Example: assigning resources to projects

Assigning users to projects and departments

Run:ai system is using ‘Role Based Access Control’ (RBAC) to manage users’ access rights to the different objects of the system, its resources, and the set of allowed actions.
To allow AI researchers, ML engineers, Project Admins, or any other stakeholder of your AI initiatives to access projects and use AI compute resources with their AI initiatives, the administrator needs to assign users to projects. After a user is assigned to a project with the proper role, e.g. ‘L1 Researcher’, the user can submit and monitor its workloads under that project. Assigning users to departments is usually done to assign ‘Department Admin’ to manage a specific department. Other roles, such as ‘L1 Researcher’, can also be assigned to departments, this allows the researcher access to all projects within that department.

Submitting workloads

Now that resources are grouped into node pools, organizational units or business initiatives are mapped into projects and departments, projects’ quota parameters are set per node pool, and users are assigned to projects, you can finally submit workloads from a project and use compute resources to run your AI initiatives.

When a workload is submitted, it goes to the chosen Kubernetes cluster, and the Run:ai Scheduler handles it.
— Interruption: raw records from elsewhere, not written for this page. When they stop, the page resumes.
(* Let $G$ be a second countable locally compact abelian group, $\varLambda\subseteq G$ uniformly discrete, $\mathcal{A}=(A_n)_n$ a van Hove sequence, and $F_n=\varLambda\cap A_n$. (a) If the density autocorrelation $\gamma_{\mathrm{dens}}$ of $\varLambda$ exists with respect to $\mathcal{A}$, then the density $\mathrm{dens}_{\mathcal{A}}(\varLambda)=\lim_n\frac{\mathrm{card}(F_n)}{\mathrm{vol}(A_n)}$ exists and $\gamma_{\mathrm{dens}}(\{0\})=\mathrm{dens}_{\mathcal{A}}(\varLambda)$. (b) If the counting autocorrelation $\gamma_{\mathrm{count}}$ exists with respect to $\mathcal{A}$, then the following are equivalent: (i) $\gamma_{\mathrm{count}}(\{0\})=1$; (ii) $(F_n)_n$ contains a subsequence of nonempty sets; (iii) there exists $N$ such that $F_n\ne\emptyset$ for all $n>N$; (iv) $\gamma_{\mathrm{count}}\ne0$.
   Context: $\mathrm{vol}$ is Haar measure. Uniformly discrete: there is a nonempty open $U$ such that each $t+U$ meets $\varLambda$ in at most one point. A van Hove sequence is a sequence of compact sets $A_n$ of positive Haar measure with $\mathrm{vol}(\partial^K A_n)/\mathrm{vol}(A_n)\to0$ for all compact $K$, where $\partial^K A=((A+K)\setminus A^\circ)\cup((\overline{G\setminus A}-K)\cap A)$. For finite $F$, $\gamma_F=\frac{1}{\mathrm{card}(F)}\sum_{x,y\in F}\delta_{x-y}$ if $F\ne\emptyset$, $\gamma_\emptyset=0$; $\gamma_n=\frac{1}{\mathrm{vol}(A_n)}\sum_{x,y\in F_n}\delta_{x-y}$. The density (resp. counting) autocorrelation is the vague limit of $\gamma_n$ (resp. $\gamma_{F_n}$). *)

theory Defs
  imports "HOL-Analysis.Analysis"
begin

definition is_haar_measure :: "'a::topological_ab_group_add measure \<Rightarrow> bool" where
  "is_haar_measure \<mu> \<longleftrightarrow>
     sets \<mu> = sets borel \<and>
     (\<forall>S\<in>sets borel. \<forall>t. emeasure \<mu> ((+) t ` S) = emeasure \<mu> S) \<and>
     (\<forall>K. compact K \<longrightarrow> emeasure \<mu> K < \<infinity>) \<and>
     (\<forall>U. open U \<and> U \<noteq> {} \<longrightarrow> emeasure \<mu> U > 0) \<and>
     (\<forall>S\<in>sets borel. emeasure \<mu> S = (INF U\<in>{U. open U \<and> S \<subseteq> U}. emeasure \<mu> U)) \<and>
     (\<forall>U. open U \<longrightarrow> emeasure \<mu> U = (SUP K\<in>{K. compact K \<and> K \<subseteq> U}. emeasure \<mu> K))"

definition radon_measure :: "'a::topological_space measure \<Rightarrow> bool" where
  "radon_measure \<mu> \<longleftrightarrow> sets \<mu> = sets borel \<and> (\<forall>K. compact K \<longrightarrow> emeasure \<mu> K < \<infinity>)"

definition uniformly_discrete :: "'a::{topological_space, plus} set \<Rightarrow> bool" where
  "uniformly_discrete L \<longleftrightarrow>
     (\<exists>U. open U \<and> U \<noteq> {} \<and>
        (\<forall>t. \<forall>x\<in>L \<inter> ((+) t ` U). \<forall>y\<in>L \<inter> ((+) t ` U). x = y))"

definition van_hove_boundary :: "'a::{topological_space, ab_group_add} set \<Rightarrow> 'a set \<Rightarrow> 'a set" where
  "van_hove_boundary K A =
     ({a + k | a k. a \<in> A \<and> k \<in> K} - interior A) \<union>
     ({x - k | x k. x \<in> closure (UNIV - A) \<and> k \<in> K} \<inter> A)"

definition van_hove :: "'a::{topological_space, ab_group_add} measure \<Rightarrow> (nat \<Rightarrow> 'a set) \<Rightarrow> bool" where
  "van_hove vol A \<longleftrightarrow>
     (\<forall>n. compact (A n) \<and> emeasure vol (A n) > 0) \<and>
     (\<forall>K. compact K \<longrightarrow>
        (\<lambda>n. measure vol (van_hove_boundary K (A n)) / measure vol (A n)) \<longlonglongrightarrow> 0)"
The Scheduler’s main role is to find the best-suited node or nodes for each submitted workload, so that those nodes match the resources and other characteristics requested by the workload while adhering to the quota and fairness principles of the Run:ai system. A workload can be a single pod running on a single node, or a distributed workload using multiple pods, each running on a node (or part of a node). It is not rare to find large training workloads using 128 nodes and even more, or inference workloads using multiple pods and nodes. There are numerous types of workloads, some are Kubernetes native and some are 3rd party extensions on top of Kubernetes native pods. The Run:ai Scheduler schedules any Kubernetes native workloads, Run:ai workloads, or any type of 3rd party workload.